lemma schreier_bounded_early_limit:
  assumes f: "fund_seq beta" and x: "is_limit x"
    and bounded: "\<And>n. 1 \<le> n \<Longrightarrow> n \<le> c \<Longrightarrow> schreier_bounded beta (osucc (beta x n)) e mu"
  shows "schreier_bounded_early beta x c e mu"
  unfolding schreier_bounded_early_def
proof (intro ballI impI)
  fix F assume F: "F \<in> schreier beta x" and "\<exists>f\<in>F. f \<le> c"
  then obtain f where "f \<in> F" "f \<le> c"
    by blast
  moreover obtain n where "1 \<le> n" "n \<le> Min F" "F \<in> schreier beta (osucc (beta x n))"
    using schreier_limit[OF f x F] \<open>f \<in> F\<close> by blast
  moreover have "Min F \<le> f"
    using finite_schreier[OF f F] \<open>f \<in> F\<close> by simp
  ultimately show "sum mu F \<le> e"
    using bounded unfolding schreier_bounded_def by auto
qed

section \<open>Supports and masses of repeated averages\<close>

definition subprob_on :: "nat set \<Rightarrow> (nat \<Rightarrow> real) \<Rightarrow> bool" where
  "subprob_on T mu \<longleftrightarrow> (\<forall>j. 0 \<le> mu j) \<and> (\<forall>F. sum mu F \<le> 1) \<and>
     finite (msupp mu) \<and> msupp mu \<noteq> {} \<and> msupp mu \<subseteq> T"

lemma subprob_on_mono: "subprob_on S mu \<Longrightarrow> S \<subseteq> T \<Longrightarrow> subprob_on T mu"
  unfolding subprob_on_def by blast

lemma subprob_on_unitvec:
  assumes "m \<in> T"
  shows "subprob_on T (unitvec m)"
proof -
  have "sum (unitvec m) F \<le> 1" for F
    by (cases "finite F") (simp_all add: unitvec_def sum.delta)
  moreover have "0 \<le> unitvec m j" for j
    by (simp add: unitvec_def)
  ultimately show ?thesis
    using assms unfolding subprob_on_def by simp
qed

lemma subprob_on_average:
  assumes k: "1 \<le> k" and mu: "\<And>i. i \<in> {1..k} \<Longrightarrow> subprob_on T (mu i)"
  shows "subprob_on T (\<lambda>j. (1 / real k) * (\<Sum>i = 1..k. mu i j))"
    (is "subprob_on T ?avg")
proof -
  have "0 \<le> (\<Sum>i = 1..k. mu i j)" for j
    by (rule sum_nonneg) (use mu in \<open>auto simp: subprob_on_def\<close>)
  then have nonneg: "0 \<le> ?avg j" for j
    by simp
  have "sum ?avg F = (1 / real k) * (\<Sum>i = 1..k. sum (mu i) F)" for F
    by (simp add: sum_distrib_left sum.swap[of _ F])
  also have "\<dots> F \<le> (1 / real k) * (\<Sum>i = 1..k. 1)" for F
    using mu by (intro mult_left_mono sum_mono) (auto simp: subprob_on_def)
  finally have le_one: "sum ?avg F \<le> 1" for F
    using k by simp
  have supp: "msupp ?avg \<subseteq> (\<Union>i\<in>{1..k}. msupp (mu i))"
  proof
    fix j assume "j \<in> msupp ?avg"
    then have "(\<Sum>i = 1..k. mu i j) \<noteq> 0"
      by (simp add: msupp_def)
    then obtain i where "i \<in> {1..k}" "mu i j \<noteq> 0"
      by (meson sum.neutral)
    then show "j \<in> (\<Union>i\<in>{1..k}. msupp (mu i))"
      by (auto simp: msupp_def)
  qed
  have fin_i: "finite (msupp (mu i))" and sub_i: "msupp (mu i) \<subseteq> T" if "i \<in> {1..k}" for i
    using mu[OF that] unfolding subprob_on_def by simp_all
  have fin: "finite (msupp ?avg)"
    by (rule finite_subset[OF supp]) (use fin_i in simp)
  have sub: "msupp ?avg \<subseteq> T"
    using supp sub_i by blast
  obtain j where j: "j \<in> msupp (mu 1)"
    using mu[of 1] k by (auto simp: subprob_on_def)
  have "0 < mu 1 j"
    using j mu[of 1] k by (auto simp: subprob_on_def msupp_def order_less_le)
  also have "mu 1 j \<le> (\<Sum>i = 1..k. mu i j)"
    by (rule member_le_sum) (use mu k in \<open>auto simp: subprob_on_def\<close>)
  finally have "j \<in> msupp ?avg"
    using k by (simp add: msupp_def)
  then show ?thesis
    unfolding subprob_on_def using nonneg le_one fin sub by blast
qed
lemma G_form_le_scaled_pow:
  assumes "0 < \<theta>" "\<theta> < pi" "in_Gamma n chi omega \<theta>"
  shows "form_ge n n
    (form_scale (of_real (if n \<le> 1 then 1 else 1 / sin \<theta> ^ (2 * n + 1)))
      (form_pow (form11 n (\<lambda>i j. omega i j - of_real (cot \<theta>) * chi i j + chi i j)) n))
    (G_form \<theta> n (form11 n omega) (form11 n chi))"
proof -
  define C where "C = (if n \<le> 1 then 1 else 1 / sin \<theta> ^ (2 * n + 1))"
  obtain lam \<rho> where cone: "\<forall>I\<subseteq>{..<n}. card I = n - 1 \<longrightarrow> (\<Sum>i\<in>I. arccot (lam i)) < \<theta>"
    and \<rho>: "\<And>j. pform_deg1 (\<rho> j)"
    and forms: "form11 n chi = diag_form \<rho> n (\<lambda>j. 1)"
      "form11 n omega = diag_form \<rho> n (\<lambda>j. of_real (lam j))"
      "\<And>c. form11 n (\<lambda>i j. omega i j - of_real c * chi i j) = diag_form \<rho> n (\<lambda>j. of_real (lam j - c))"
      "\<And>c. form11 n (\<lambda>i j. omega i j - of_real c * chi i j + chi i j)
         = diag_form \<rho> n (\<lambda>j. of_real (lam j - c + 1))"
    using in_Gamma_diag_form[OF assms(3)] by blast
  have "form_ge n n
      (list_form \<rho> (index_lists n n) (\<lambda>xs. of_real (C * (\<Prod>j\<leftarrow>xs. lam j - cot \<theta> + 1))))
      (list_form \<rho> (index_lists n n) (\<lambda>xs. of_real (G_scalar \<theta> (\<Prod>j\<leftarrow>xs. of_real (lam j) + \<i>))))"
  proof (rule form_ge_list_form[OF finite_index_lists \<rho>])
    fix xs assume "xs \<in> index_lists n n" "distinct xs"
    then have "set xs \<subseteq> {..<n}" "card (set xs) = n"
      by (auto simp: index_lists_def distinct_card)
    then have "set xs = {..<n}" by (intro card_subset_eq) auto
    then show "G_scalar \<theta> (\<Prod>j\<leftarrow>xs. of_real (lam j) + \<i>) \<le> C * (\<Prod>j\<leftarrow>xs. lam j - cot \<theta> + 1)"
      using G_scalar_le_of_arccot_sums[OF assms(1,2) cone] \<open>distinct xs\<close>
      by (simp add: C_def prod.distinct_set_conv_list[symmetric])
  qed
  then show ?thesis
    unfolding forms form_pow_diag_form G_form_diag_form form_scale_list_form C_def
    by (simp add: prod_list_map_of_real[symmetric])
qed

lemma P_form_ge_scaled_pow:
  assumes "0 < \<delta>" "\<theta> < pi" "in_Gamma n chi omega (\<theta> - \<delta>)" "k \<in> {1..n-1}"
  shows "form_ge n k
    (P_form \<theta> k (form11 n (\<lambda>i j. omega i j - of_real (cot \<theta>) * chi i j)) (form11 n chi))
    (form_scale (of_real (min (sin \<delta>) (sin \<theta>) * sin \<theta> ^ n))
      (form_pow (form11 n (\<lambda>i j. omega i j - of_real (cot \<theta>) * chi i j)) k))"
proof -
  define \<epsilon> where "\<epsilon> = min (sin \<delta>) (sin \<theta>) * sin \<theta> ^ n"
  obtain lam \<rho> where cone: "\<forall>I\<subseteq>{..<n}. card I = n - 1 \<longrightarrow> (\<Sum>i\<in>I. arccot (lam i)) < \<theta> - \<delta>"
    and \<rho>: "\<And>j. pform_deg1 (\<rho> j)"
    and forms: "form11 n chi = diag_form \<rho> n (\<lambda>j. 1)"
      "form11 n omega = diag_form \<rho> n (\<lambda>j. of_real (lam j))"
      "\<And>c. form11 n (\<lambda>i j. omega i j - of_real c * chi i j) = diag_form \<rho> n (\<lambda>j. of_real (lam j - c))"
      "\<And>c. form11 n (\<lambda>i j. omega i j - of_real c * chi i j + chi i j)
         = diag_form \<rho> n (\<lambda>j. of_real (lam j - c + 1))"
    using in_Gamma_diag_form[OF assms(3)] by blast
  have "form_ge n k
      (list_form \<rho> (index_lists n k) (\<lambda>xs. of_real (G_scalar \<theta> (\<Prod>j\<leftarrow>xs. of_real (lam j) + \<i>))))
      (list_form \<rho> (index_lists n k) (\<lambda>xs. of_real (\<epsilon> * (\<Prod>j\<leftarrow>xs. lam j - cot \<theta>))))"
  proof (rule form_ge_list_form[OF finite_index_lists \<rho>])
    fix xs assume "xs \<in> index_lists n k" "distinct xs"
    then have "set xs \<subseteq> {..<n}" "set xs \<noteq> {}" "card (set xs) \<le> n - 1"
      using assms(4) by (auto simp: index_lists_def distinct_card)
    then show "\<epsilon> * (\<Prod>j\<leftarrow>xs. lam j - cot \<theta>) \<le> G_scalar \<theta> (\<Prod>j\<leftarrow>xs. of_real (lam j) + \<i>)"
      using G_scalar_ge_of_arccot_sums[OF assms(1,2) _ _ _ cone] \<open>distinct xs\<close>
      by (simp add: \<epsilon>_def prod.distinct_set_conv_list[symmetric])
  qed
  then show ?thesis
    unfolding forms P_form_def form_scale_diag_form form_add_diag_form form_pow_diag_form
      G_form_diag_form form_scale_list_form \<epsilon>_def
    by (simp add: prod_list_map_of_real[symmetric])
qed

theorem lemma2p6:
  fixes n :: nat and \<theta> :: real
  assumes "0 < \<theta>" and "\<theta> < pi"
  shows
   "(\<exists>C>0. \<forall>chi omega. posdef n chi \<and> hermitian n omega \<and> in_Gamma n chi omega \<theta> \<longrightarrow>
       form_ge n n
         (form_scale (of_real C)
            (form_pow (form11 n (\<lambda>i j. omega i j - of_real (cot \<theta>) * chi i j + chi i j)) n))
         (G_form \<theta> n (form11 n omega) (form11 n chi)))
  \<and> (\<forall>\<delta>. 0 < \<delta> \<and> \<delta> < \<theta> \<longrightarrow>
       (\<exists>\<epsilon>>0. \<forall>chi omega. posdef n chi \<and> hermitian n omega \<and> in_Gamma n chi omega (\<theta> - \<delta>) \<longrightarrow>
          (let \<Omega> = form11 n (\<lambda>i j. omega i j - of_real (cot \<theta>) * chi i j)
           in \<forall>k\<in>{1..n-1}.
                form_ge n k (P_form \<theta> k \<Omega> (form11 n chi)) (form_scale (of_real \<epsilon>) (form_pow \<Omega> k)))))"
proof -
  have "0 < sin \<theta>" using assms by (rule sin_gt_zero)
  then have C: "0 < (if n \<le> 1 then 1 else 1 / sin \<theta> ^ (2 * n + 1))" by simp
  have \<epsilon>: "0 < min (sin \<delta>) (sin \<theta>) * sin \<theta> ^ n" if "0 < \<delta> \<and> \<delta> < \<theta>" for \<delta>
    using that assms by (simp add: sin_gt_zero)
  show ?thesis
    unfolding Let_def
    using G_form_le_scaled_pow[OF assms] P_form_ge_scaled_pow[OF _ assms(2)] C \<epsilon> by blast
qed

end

■ **Your assignment**:
Pick out each line in the material containing "symmetric".

■ **Response for this exercise**:
      by (simp add: C_def prod.distinct_set_conv_list[symmetric])
    by (simp add: prod_list_map_of_real[symmetric])
      by (simp add: \<epsilon>_def prod.distinct_set_conv_list[symmetric])
    by (simp add: prod_list_map_of_real[symmetric])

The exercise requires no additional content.